The telecommunications companies in the country have offered to cut mobile money charges by 25 per cent to provide financial relief to subscribers, the Minister of Finance, Ken Ofori-Atta, has announced.
This for instance, means that the GHc1.00 charged for sending GHc100.00 will now be reduced to GHC0. 75p.
Mr Ofori-Atta disclosed this at a press conference in Accra on Wednesday to brief the citizens about the developments in the economy and the E-Levy, and said the move was to reduce the overall net impact of the E-Levy on mobile money consumers.
He said the E- Levy was a necessary tool to increase the country’s Tax to Gross Domestic Ratio from around 13 per cent to 16 per cent.
“The E-Levy would not only ensure that we move towards a more sustainable debt level but would also ensure that we have the revenues to sustainably invest in entrepreneurship, youth employment, cyber security, digital and road infrastructure,” Mr Ofori-Atta said.
He said digitalisation was eroding the traditional resilience of brick and mortar enterprises, stressing that with fewer transactions happening across the counter, there was an increased risk that some of the standard revenue generation and tax measures would gradually become obsolete.
“Indeed, except for Excise duties, the various tax types experienced a marked decline in growth between 2019 and 2020. Domestic Value Added Tax (VAT), for instance, which has traditionally been a significant component of Ghana’s tax framework, increased by three per cent between 2019-2020, compared to 29 per cent between 201 and 2019,” Mr Ofori-Atta, said.
The Finance Minister said the E-Levy was borne out of a careful study of current trends in the rapidly evolving digital age and was specific on the transactions on which it will be applied.
“After extensive consultations, the E-levy will be re-submitted to Parliament this month.

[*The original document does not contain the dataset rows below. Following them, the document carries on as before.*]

(* Suppose Assumptions 3.2, 4.2 and 4.3 hold. Then there exist constants $0<a_*<b_*<\infty$, a constant $l_0>0$, and a function $w_0\in C^1((0,\infty))$ such that $$\tfrac12\sigma^2(x)w_0'(x)+\mu(x)w_0(x)+h(x)=l_0,\quad x\in(a_*,b_* ),$$ $c_1\le w_0(x)\le c_2$ for $x\in(a_*,b_* )$; $w_0(x)=c_2$, $w_0'(x)=0$ for $x\le a_*$; and $w_0(x)=c_1$, $w_0'(x)=0$ for $x\ge b_*$.
   Context: Standing setup. $W$ is a standard one-dimensional Brownian motion. $\mu,\sigma:[0,\infty)\to\mathbb R$ are continuous with $\sigma(x)>0$ for $x>0$, such that the SDE $dX_0(s)=\mu(X_0(s))ds+\sigma(X_0(s))dW(s)$ has a weak solution unique in law with state space $[0,\infty)$, for which $0$ is an unattainable (entrance or natural) boundary point and $\infty$ is a natural boundary point. The scale and speed densities are $s(x)=\exp\{-\int_1^x \frac{2\mu(y)}{\sigma^2(y)}dy\}$ and $m(x)=\frac{1}{\sigma^2(x)s(x)}$ for $x>0$. The generator is $\mathcal Lf(x)=\frac12\sigma^2(x)f''(x)+\mu(x)f'(x)$. Fix constants $0<c_1<c_2$ and a nonnegative continuous function $h$ on $[0,\infty)$. A control is an adapted càdlàg process $\varphi=\xi-\eta$, where $\xi,\eta$ are nonnegative, nondecreasing, càdlàg, $\xi(0-)=\eta(0-)=0$, and the measures $d\xi,d\eta$ are mutually singular; it is admissible if the controlled equation $dX(s)=\mu(X(s))ds+\sigma(X(s))dW(s)+d\xi(s)-d\eta(s)$, $X(0-)=x\ge0$, has a unique nonnegative weak solution $X$. For $x\ge0$, $\mathscr A_x$ is the set of admissible controls with $\mathbb E_x[\xi(T)]\le K_1(x)T^n+K_2(x)$ for all $T>0$, where $K_1,K_2$ are fixed positive functions and $n\ge1$ a fixed integer. Define $V_r(x)=\sup_{\varphi\in\mathscr A_x}\mathbb E_x\big[\int_0^\infty e^{-rs}(h(X(s))ds+c_1d\eta(s)-c_2d\xi(s))\big]$ for $r>0$. Assumption 3.2: (i) $\lim_{x\downarrow0}[h(x)+c_2\mu(x)]\le0$ and $\lim_{x\to\infty}[h(x)+c_1\mu(x)]<0$; (ii) there exist $0<a<b<\infty$ with $\int_a^bh(y)m(y)dy+\frac{c_1}{2s(b)}-\frac{c_2}{2s(a)}>0$. Assumption 4.2: For each $r>0$ there exist $0<a_r<b_r<\infty$ such that $V_r\in C^2([0,\infty))$ and: for $x\in(a_r,b_r)$, $rV_r(x)-\mathcal LV_r(x)-h(x)=0$ and $c_1\le V_r'(x)\le c_2$; for $x\ge b_r$, $rV_r(x)-\mathcal LV_r(x)-h(x)\ge0$ and $V_r'(x)=c_1$; for $x\le a_r$, $rV_r(x)-\mathcal LV_r(x)-h(x)\ge0$ and $V_r'(x)=c_2$. Assumption 4.3: $h,\mu,\sigma$ are continuously differentiable and $\inf_{x\in[a,b]}\sigma^2(x)>0$ for every $[a,b]\subset(0,\infty)$. *)

theory Defs
  imports "HOL-Analysis.Analysis"
begin

definition oint1 :: "(real \<Rightarrow> real) \<Rightarrow> real \<Rightarrow> real" where
  "oint1 f x = (if 1 \<le> x then integral {1..x} f else - integral {x..1} f)"

definition scale_dens :: "(real \<Rightarrow> real) \<Rightarrow> (real \<Rightarrow> real) \<Rightarrow> real \<Rightarrow> real" where
  "scale_dens \<mu> \<sigma> x = exp (- oint1 (\<lambda>y. 2 * \<mu> y / (\<sigma> y)^2) x)"

definition speed_dens :: "(real \<Rightarrow> real) \<Rightarrow> (real \<Rightarrow> real) \<Rightarrow> real \<Rightarrow> real" where
  "speed_dens \<mu> \<sigma> x = 1 / ((\<sigma> x)^2 * scale_dens \<mu> \<sigma> x)"

definition gen :: "(real \<Rightarrow> real) \<Rightarrow> (real \<Rightarrow> real) \<Rightarrow> real \<Rightarrow> real \<Rightarrow> real \<Rightarrow> real" where
  "gen \<mu> \<sigma> d1 d2 x = (1/2) * (\<sigma> x)^2 * d2 + \<mu> x * d1"

definition C2_nonneg :: "(real \<Rightarrow> real) \<Rightarrow> (real \<Rightarrow> real) \<Rightarrow> (real \<Rightarrow> real) \<Rightarrow> bool" where
  "C2_nonneg f f1 f2 \<longleftrightarrow>
     (\<forall>x\<ge>0. (f has_real_derivative f1 x) (at x within {0..}) \<and>
             (f1 has_real_derivative f2 x) (at x within {0..})) \<and>
     continuous_on {0..} f2"

definition C1_nonneg :: "(real \<Rightarrow> real) \<Rightarrow> bool" where
  "C1_nonneg f \<longleftrightarrow> (\<exists>f1. (\<forall>x\<ge>0. (f has_real_derivative f1 x) (at x within {0..}))
                         \<and> continuous_on {0..} f1)"

text \<open>Feller test: 0 is unattainable (entrance or natural), i.e. not an exit/regular point:
  integral over (0,1] of s(y) * M[y,1] dy is infinite.\<close>
definition zero_unattainable :: "(real \<Rightarrow> real) \<Rightarrow> (real \<Rightarrow> real) \<Rightarrow> bool" where
  "zero_unattainable \<mu> \<sigma> \<longleftrightarrow>
     (\<integral>\<^sup>+ y. indicator {0<..1} y * ennreal (scale_dens \<mu> \<sigma> y) *
        (\<integral>\<^sup>+ z. indicator {y..1} z * ennreal (speed_dens \<mu> \<sigma> z) \<partial>lborel) \<partial>lborel) = \<infinity>"
(* Every finite nonempty set $A\subseteq S'(n,l)$ has a minimal set of generators; that is, there is a set of generators $G_0$ of $A$ such that $G_0\subseteq G$ for every set of generators $G$ of $A$ (equivalently, the intersection of all sets of generators of $A$ is itself a set of generators of $A$).
   Context: $\mathbb N_n=\{1,\dots,n\}$. $F_n$ denotes the set of functions $f:\mathbb N_n\to[0,1]$ with $\sum_{i=1}^n f(i)=1$. A generalized string of length $l$ over $\mathbb N_n$ is a function $s:\mathbb N_l\to F_n$; the set of these is $S'(n,l)$, and the value of $s$ at $i$ is written $s[i]$. The generalized Hamming distance is $d_{GH}(s,t)=\sum_{i=1}^l\big(1-\sum_{j=1}^n\min\{s[i](j),t[i](j)\}\big)$. For a finite nonempty $\sigma\subseteq S'(n,l)$, its radius is $r(\sigma)=\min\{r\ge0:\exists x\in S'(n,l)\,\forall y\in\sigma\ d_{GH}(x,y)\le r\}$ (this minimum exists), and a center of $\sigma$ is any $c\in S'(n,l)$ with $d_{GH}(c,y)\le r(\sigma)$ for all $y\in\sigma$. For $x\in S'(n,l)$, $r\ge0$: $B(x,r)=\{y:d_{GH}(x,y)\le r\}$, ${\rm int}B(x,r)=\{y:d_{GH}(x,y)<r\}$, ${\rm bd}B(x,r)=\{y:d_{GH}(x,y)=r\}$. $MB(\sigma)=\{B(c,r(\sigma)):c\text{ is a center of }\sigma\}$. For a finite nonempty $A\subseteq S'(n,l)$, a set $G\subseteq A$ is a set of generators of $A$ if there is $B\in MB(A)$ with $G\subseteq{\rm bd}B$ and $A\setminus G\subseteq{\rm int}B$. *)

theory Defs
  imports "HOL-Analysis.Analysis"
begin

text \<open>F_n: probability vectors on {1..n}, represented extensionally (value 0 off {1..n}).\<close>
definition Fn :: "nat \<Rightarrow> (nat \<Rightarrow> real) set" where
  "Fn n = {f. (\<forall>j\<in>{1..n}. 0 \<le> f j \<and> f j \<le> 1) \<and> (\<Sum>j=1..n. f j) = 1
              \<and> (\<forall>j. j \<notin> {1..n} \<longrightarrow> f j = 0)}"

text \<open>S'(n,l): generalized strings s : {1..l} -> F_n, represented extensionally
  (s i = constant 0 off {1..l}).\<close>
definition gstrings :: "nat \<Rightarrow> nat \<Rightarrow> (nat \<Rightarrow> nat \<Rightarrow> real) set" where
  "gstrings n l = {s. (\<forall>i\<in>{1..l}. s i \<in> Fn n) \<and> (\<forall>i. i \<notin> {1..l} \<longrightarrow> s i = (\<lambda>_. 0))}"

definition dGH :: "nat \<Rightarrow> nat \<Rightarrow> (nat \<Rightarrow> nat \<Rightarrow> real) \<Rightarrow> (nat \<Rightarrow> nat \<Rightarrow> real) \<Rightarrow> real" where
  "dGH n l s t = (\<Sum>i=1..l. 1 - (\<Sum>j=1..n. min (s i j) (t i j)))"

definition radius :: "nat \<Rightarrow> nat \<Rightarrow> (nat \<Rightarrow> nat \<Rightarrow> real) set \<Rightarrow> real" where
  "radius n l \<sigma> = (LEAST r. r \<ge> 0 \<and> (\<exists>x\<in>gstrings n l. \<forall>y\<in>\<sigma>. dGH n l x y \<le> r))"

definition is_center :: "nat \<Rightarrow> nat \<Rightarrow> (nat \<Rightarrow> nat \<Rightarrow> real) set \<Rightarrow> (nat \<Rightarrow> nat \<Rightarrow> real) \<Rightarrow> bool" where
  "is_center n l \<sigma> c \<longleftrightarrow> c \<in> gstrings n l \<and> (\<forall>y\<in>\<sigma>. dGH n l c y \<le> radius n l \<sigma>)"

definition gball :: "nat \<Rightarrow> nat \<Rightarrow> (nat \<Rightarrow> nat \<Rightarrow> real) \<Rightarrow> real \<Rightarrow> (nat \<Rightarrow> nat \<Rightarrow> real) set" where
  "gball n l x r = {y\<in>gstrings n l. dGH n l x y \<le> r}"

definition gint :: "nat \<Rightarrow> nat \<Rightarrow> (nat \<Rightarrow> nat \<Rightarrow> real) \<Rightarrow> real \<Rightarrow> (nat \<Rightarrow> nat \<Rightarrow> real) set" where
  "gint n l x r = {y\<in>gstrings n l. dGH n l x y < r}"

definition gbd :: "nat \<Rightarrow> nat \<Rightarrow> (nat \<Rightarrow> nat \<Rightarrow> real) \<Rightarrow> real \<Rightarrow> (nat \<Rightarrow> nat \<Rightarrow> real) set" where
  "gbd n l x r = {y\<in>gstrings n l. dGH n l x y = r}"

text \<open>MB(\<sigma>), with each ball recorded by its center and radius so that int and bd are determined.\<close>
definition MB :: "nat \<Rightarrow> nat \<Rightarrow> (nat \<Rightarrow> nat \<Rightarrow> real) set \<Rightarrow> ((nat \<Rightarrow> nat \<Rightarrow> real) \<times> real) set" where
  "MB n l \<sigma> = {(c, radius n l \<sigma>) | c. is_center n l \<sigma> c}"

definition is_generators :: "nat \<Rightarrow> nat \<Rightarrow> (nat \<Rightarrow> nat \<Rightarrow> real) set \<Rightarrow> (nat \<Rightarrow> nat \<Rightarrow> real) set \<Rightarrow> bool" where
  "is_generators n l A G \<longleftrightarrow> G \<subseteq> A \<and>
     (\<exists>(c, r)\<in>MB n l A. G \<subseteq> gbd n l c r \<and> A - G \<subseteq> gint n l c r)"

end

theory Submission
  imports Defs
begin

(* Centres exist because S'(n,l) is compact, and they form a convex set because d_GH is convex
   in its first argument. A set of generators is exactly the set of points of A at distance r(A)
   from some centre. A point at distance r(A) from a proper convex combination of two centres is
   at distance r(A) from both, since it is at distance at most r(A) from each; so any two sets of
   generators contain a third, and the finite family of sets of generators has a least element. *)

lemma closed_Fn: "closed (Fn n)"
  unfolding Fn_def Ball_def
  by (intro closed_Collect_conj closed_Collect_all closed_Collect_imp open_Collect_const
      closed_Collect_le closed_Collect_eq continuous_intros continuous_on_product_coordinates)

lemma closed_gstrings: "closed (gstrings n l)"
proof -
  have "closed {s :: nat \<Rightarrow> nat \<Rightarrow> real. s i \<in> Fn n}" for i
    using closed_vimage[OF closed_Fn continuous_on_product_coordinates] by (simp add: vimage_def)
  then show ?thesis
    unfolding gstrings_def Ball_def
    by (intro closed_Collect_conj closed_Collect_all closed_Collect_imp open_Collect_const
        closed_Collect_eq continuous_intros continuous_on_product_coordinates)
qed

lemma gstrings_entry_bounds:
  assumes "s \<in> gstrings n l"
  shows "0 \<le> s i j" and "s i j \<le> 1"
  using assms unfolding gstrings_def Fn_def
  by (cases "i \<in> {1..l}"; cases "j \<in> {1..n}"; force)+

lemma gstrings_row_sum:
  assumes "s \<in> gstrings n l" "i \<in> {1..l}"
  shows "(\<Sum>j=1..n. s i j) = 1"
  using assms unfolding gstrings_def Fn_def by blast

lemma gstrings_outside:
  assumes "s \<in> gstrings n l" "i \<notin> {1..l} \<or> j \<notin> {1..n}"
  shows "s i j = 0"
  using assms unfolding gstrings_def Fn_def by (cases "i \<in> {1..l}") auto

lemma compact_PiE_UNIV:
  assumes "\<And>i. compact (S i)"
  shows "compact (\<Pi>\<^sub>E i\<in>UNIV. S i)"
  using compactin_PiE[of "\<lambda>_. euclidean" UNIV S] assms by (simp add: euclidean_product_topology)

lemma compact_gstrings: "compact (gstrings n l)"
proof -
  have box: "compact (\<Pi>\<^sub>E (i::nat)\<in>UNIV. \<Pi>\<^sub>E (j::nat)\<in>UNIV. {0..1::real})"
    by (intro compact_PiE_UNIV compact_Icc)
  have sub: "gstrings n l \<subseteq> (\<Pi>\<^sub>E (i::nat)\<in>UNIV. \<Pi>\<^sub>E (j::nat)\<in>UNIV. {0..1::real})"
    using gstrings_entry_bounds by (auto simp: PiE_UNIV_domain)
  show ?thesis
    using compact_Int_closed[OF box closed_gstrings[of n l]] unfolding Int_absorb1[OF sub] .
qed

lemma continuous_on_Max:
  fixes f :: "'i \<Rightarrow> 'a::topological_space \<Rightarrow> 'b::linorder_topology"
  assumes "finite I" "I \<noteq> {}" "\<And>i. i \<in> I \<Longrightarrow> continuous_on S (f i)"
  shows "continuous_on S (\<lambda>x. Max ((\<lambda>i. f i x) ` I))"
  using assms
proof (induction I rule: finite_ne_induct)
  case (singleton i)
  then show ?case by simp
next
  case (insert i I)
  then show ?case by (simp add: continuous_on_max)
qed

lemma continuous_on_entry: "continuous_on S (\<lambda>s :: 'a \<Rightarrow> 'b \<Rightarrow> 'c::topological_space. s i j)"
proof -
  have "continuous_on UNIV (\<lambda>s :: 'a \<Rightarrow> 'b \<Rightarrow> 'c. s i j)"
    by (rule continuous_on_product_then_coordinatewise) simp
  then show ?thesis by (rule continuous_on_subset) simp
qed

lemma continuous_on_dGH: "continuous_on S (\<lambda>x. dGH n l x y)"
  unfolding dGH_def
  by (intro continuous_on_sum continuous_on_diff continuous_on_min continuous_on_const
      continuous_on_entry)

lemma dGH_nonneg:
  assumes "y \<in> gstrings n l"
  shows "0 \<le> dGH n l x y"
  unfolding dGH_def
proof (rule sum_nonneg)
  fix i assume "i \<in> {1..l}"
  have "(\<Sum>j=1..n. min (x i j) (y i j)) \<le> (\<Sum>j=1..n. y i j)"
    by (rule sum_mono) simp
  also have "\<dots> = 1"
    using assms \<open>i \<in> {1..l}\<close> by (rule gstrings_row_sum)
  finally show "0 \<le> 1 - (\<Sum>j=1..n. min (x i j) (y i j))" by simp
qed

lemma center_exists:
  assumes "finite A" "A \<noteq> {}" "A \<subseteq> gstrings n l"
  obtains c where "is_center n l A c"
proof -
  define f where "f x = Max ((\<lambda>y. dGH n l x y) ` A)" for x
  have "continuous_on (gstrings n l) f"
    unfolding f_def using assms(1,2) by (intro continuous_on_Max continuous_on_dGH)
  moreover have "gstrings n l \<noteq> {}" using assms(2,3) by blast
  ultimately obtain c where c: "c \<in> gstrings n l" "\<And>x. x \<in> gstrings n l \<Longrightarrow> f c \<le> f x"
    using continuous_attains_inf[OF compact_gstrings] by blast
  have f_bound: "f x \<le> r \<longleftrightarrow> (\<forall>y\<in>A. dGH n l x y \<le> r)" for x r
    unfolding f_def using assms(1,2) by simp
  obtain y where "y \<in> A" using assms(2) by blast
  then have "dGH n l c y \<le> f c" and "0 \<le> dGH n l c y"
    using f_bound[of c "f c"] dGH_nonneg assms(3) by auto
  then have "0 \<le> f c" by linarith
  have "radius n l A = f c"
    unfolding radius_def
  proof (rule Least_equality)
    show "0 \<le> f c \<and> (\<exists>x\<in>gstrings n l. \<forall>y\<in>A. dGH n l x y \<le> f c)"
      using \<open>0 \<le> f c\<close> c(1) f_bound by blast
    fix r assume "0 \<le> r \<and> (\<exists>x\<in>gstrings n l. \<forall>y\<in>A. dGH n l x y \<le> r)"
    then obtain x where "x \<in> gstrings n l" "f x \<le> r" using f_bound by blast
    with c(2) show "f c \<le> r" by fastforce
  qed
  then have "is_center n l A c"
    unfolding is_center_def using c(1) f_bound[of c "f c"] by simp
  then show thesis ..
qed

lemma gstrings_convex:
  assumes "a \<in> gstrings n l" "b \<in> gstrings n l" "0 \<le> u" "0 \<le> v" "u + v = 1"
  shows "(\<lambda>i j. u * a i j + v * b i j) \<in> gstrings n l"
proof -
  have bounds: "0 \<le> u * a i j + v * b i j \<and> u * a i j + v * b i j \<le> 1" for i j
  proof -
    have "u * a i j \<le> u" "v * b i j \<le> v"
      using assms gstrings_entry_bounds by (simp_all add: mult_left_le)
    then show ?thesis using assms gstrings_entry_bounds by simp
  qed
  have "(\<Sum>j=1..n. u * a i j + v * b i j) = 1" if "i \<in> {1..l}" for i
  proof -
    have "(\<Sum>j=1..n. u * a i j + v * b i j) = u * (\<Sum>j=1..n. a i j) + v * (\<Sum>j=1..n. b i j)"
      by (simp add: sum.distrib sum_distrib_left)
    then show ?thesis
      using gstrings_row_sum[OF assms(1) that] gstrings_row_sum[OF assms(2) that] assms(5) by simp
  qed
  then show ?thesis
    using assms bounds gstrings_outside unfolding gstrings_def[of n l] Fn_def by auto
qed
(* Let $H$, $\dot\mu_\theta$, the scanning family $\{A_z\}$ and the transformation $\mathcal{K}$ be as in the context, with $\mathcal{C}_z$ nonsingular for all $z\in\mathbb{R}$. Let $b$ be as in the context and let $Z$ be any random vector in $\mathbb{R}^q$ (not necessarily Gaussian) defined on the same probability space, and set $\tilde\xi(\gamma,\varphi)=b(\gamma,\varphi)-\int\gamma\dot\mu_\theta^TdH\,Z$. Then for any fixed $\varphi\in L_2(\mathbb{R},F)$ the process $w(\gamma,\varphi)=\tilde\xi(\mathcal{K}\gamma,\varphi)$, $\gamma\in L_2(\mathbb{R}^p,H)$, is a Brownian motion in $\gamma$, i.e., a zero-mean Gaussian process with covariance $\int\gamma_1\gamma_2dH\int\varphi^2dF$.
   Context: $H$ is a distribution function on $\mathbb{R}^p$, $F$ one on $\mathbb{R}$; $\dot\mu_\theta:\mathbb{R}^p\to\mathbb{R}^q$ has coordinates in $L_2(H)$ with $\int\dot\mu_\theta\dot\mu_\theta^TdH$ positive definite. A scanning family is a family of measurable $A_z\subset\mathbb{R}^p$, $z\in\mathbb{R}$, nondecreasing in $z$, with $H(A_{-\infty})=0$, $H(A_\infty)=1$, $z\mapsto H(A_z)$ strictly increasing and absolutely continuous. $z(x)=\inf\{z:A_z\ni x\}$, $\mathcal{C}_z=\int_{A_z^c}\dot\mu_\theta\dot\mu_\theta^TdH$, $\mathcal{T}\gamma(x)=\int_{A_{z(x)}}\gamma(y)\dot\mu_\theta^T(y)\mathcal{C}_{z(y)}^{-1}dH(y)\dot\mu_\theta(x)$, $\mathcal{K}\gamma=\gamma-\mathcal{T}\gamma$. $b$ is the zero-mean Gaussian process indexed by $(\gamma,\varphi)\in L_2(H)\times L_2(F)$, bilinear, with $Eb(\gamma_1,\varphi_1)b(\gamma_2,\varphi_2)=\int\gamma_1\gamma_2dH\int\varphi_1\varphi_2dF$. *)

theory Defs
  imports "HOL-Probability.Probability"
begin

text \<open>Square-integrable real functions with respect to a measure M (as functions,
  not equivalence classes).\<close>
definition L2 :: "'a measure \<Rightarrow> ('a \<Rightarrow> real) set" where
  "L2 M = {f. f \<in> borel_measurable M \<and> integrable M (\<lambda>x. (f x)\<^sup>2)}"

definition abs_cont_fun :: "(real \<Rightarrow> real) \<Rightarrow> bool" where
  "abs_cont_fun g \<longleftrightarrow> (\<forall>e>0. \<exists>d>0. \<forall>n (a::nat \<Rightarrow> real) (b::nat \<Rightarrow> real).
      (\<forall>i<n. a i \<le> b i) \<and>
      (\<forall>i<n. \<forall>j<n. i \<noteq> j \<longrightarrow> {a i<..<b i} \<inter> {a j<..<b j} = {}) \<and>
      (\<Sum>i<n. b i - a i) < d
      \<longrightarrow> (\<Sum>i<n. \<bar>g (b i) - g (a i)\<bar>) < e)"

definition scanning_family :: "'a measure \<Rightarrow> (real \<Rightarrow> 'a set) \<Rightarrow> bool" where
  "scanning_family H A \<longleftrightarrow>
     (\<forall>z. A z \<in> sets H) \<and> mono A \<and>
     measure H (\<Inter>z. A z) = 0 \<and> measure H (\<Union>z. A z) = 1 \<and>
     strict_mono (\<lambda>z. measure H (A z)) \<and> abs_cont_fun (\<lambda>z. measure H (A z))"

definition outer :: "real ^ 'n \<Rightarrow> real ^ 'n ^ 'n" where
  "outer v = (\<chi> i j. v $ i * v $ j)"

definition zfun :: "(real \<Rightarrow> 'a set) \<Rightarrow> 'a \<Rightarrow> real" where
  "zfun A x = Inf {z. x \<in> A z}"

definition Cmat :: "'a measure \<Rightarrow> ('a \<Rightarrow> real ^ 'q) \<Rightarrow> (real \<Rightarrow> 'a set) \<Rightarrow> real \<Rightarrow> real ^ 'q ^ 'q" where
  "Cmat H mu A z = (LINT y:(- A z)|H. outer (mu y))"

definition Top :: "'a measure \<Rightarrow> ('a \<Rightarrow> real ^ 'q) \<Rightarrow> (real \<Rightarrow> 'a set) \<Rightarrow> ('a \<Rightarrow> real) \<Rightarrow> 'a \<Rightarrow> real" where
  "Top H mu A g x =
     (LINT y:(A (zfun A x))|H. g y *\<^sub>R (mu y v* matrix_inv (Cmat H mu A (zfun A y)))) \<bullet> mu x"

definition Kop :: "'a measure \<Rightarrow> ('a \<Rightarrow> real ^ 'q) \<Rightarrow> (real \<Rightarrow> 'a set) \<Rightarrow> ('a \<Rightarrow> real) \<Rightarrow> 'a \<Rightarrow> real" where
  "Kop H mu A g x = g x - Top H mu A g x"

definition real_gaussian :: "'w measure \<Rightarrow> ('w \<Rightarrow> real) \<Rightarrow> real \<Rightarrow> real \<Rightarrow> bool" where
  "real_gaussian M X m v \<longleftrightarrow> X \<in> borel_measurable M \<and> 0 \<le> v \<and>
     distr M borel X = (if v = 0 then return borel m else density lborel (normal_density m (sqrt v)))"

definition centered_gaussian_process ::
  "'w measure \<Rightarrow> 'i set \<Rightarrow> ('i \<Rightarrow> 'w \<Rightarrow> real) \<Rightarrow> ('i \<Rightarrow> 'i \<Rightarrow> real) \<Rightarrow> bool" where
  "centered_gaussian_process M I X R \<longleftrightarrow>
     (\<forall>t\<in>I. X t \<in> borel_measurable M) \<and>
     (\<forall>J (c::'i \<Rightarrow> real). finite J \<and> J \<subseteq> I \<longrightarrow>
        real_gaussian M (\<lambda>w. \<Sum>t\<in>J. c t * X t w) 0 (\<Sum>s\<in>J. \<Sum>t\<in>J. c s * c t * R s t))"

end

theory Submission
  imports Defs
begin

We look forward to joining hands with Members of Parliament to approve the E-Levy on a consensus basis so we can collectively address the big issue of unemployment,” Mr Ofori-Atta said.
He said the Ministry of Finance had had consultations on the E-Levy with faith-based organisations, the banks and Chamber of Telecommunications, civil society organisations after the 2022 budget was presented to Parliament.
“A team comprising myself, colleague ministers and other key members of government have started public engagement and sensitisation campaign across the country. We intend to communicate clearly on the proposed mechanics of the E-levy, its potential benefits to the people of Ghana within the spirit of burden sharing that must guide us in our development efforts as we move Ghana Beyond Aid,” Mr Ofori-Atta said.
Among others, the Finance Minister said the E-Levy would cover Mobile Money Transfers between accounts on the same electronic money issuer (EMI) such as Mobile Money transfers from an account on one EMI to a recipient on another EMI, transfers from bank accounts to mobile money accounts, transfer from mobile money accounts to bank accounts; and bank transfers on a digital platform or application which originate from a bank account belonging to an individual to another individual.
“I emphasise that E-Levy will not impact cumulative transfers of GHC 100 per day made by the same person, transfers between accounts owned by the same person, transfers for the payment of taxes, fees, and charges on the Ghana.gov platform, electronic clearing of cheques, specified merchant payments (i.e. payments to commercial establishments registered with GRA for Income Tax and VAT purposes); and transfers between principal, master-agent, and agent’s accounts,” Mr Ofori-Atta said.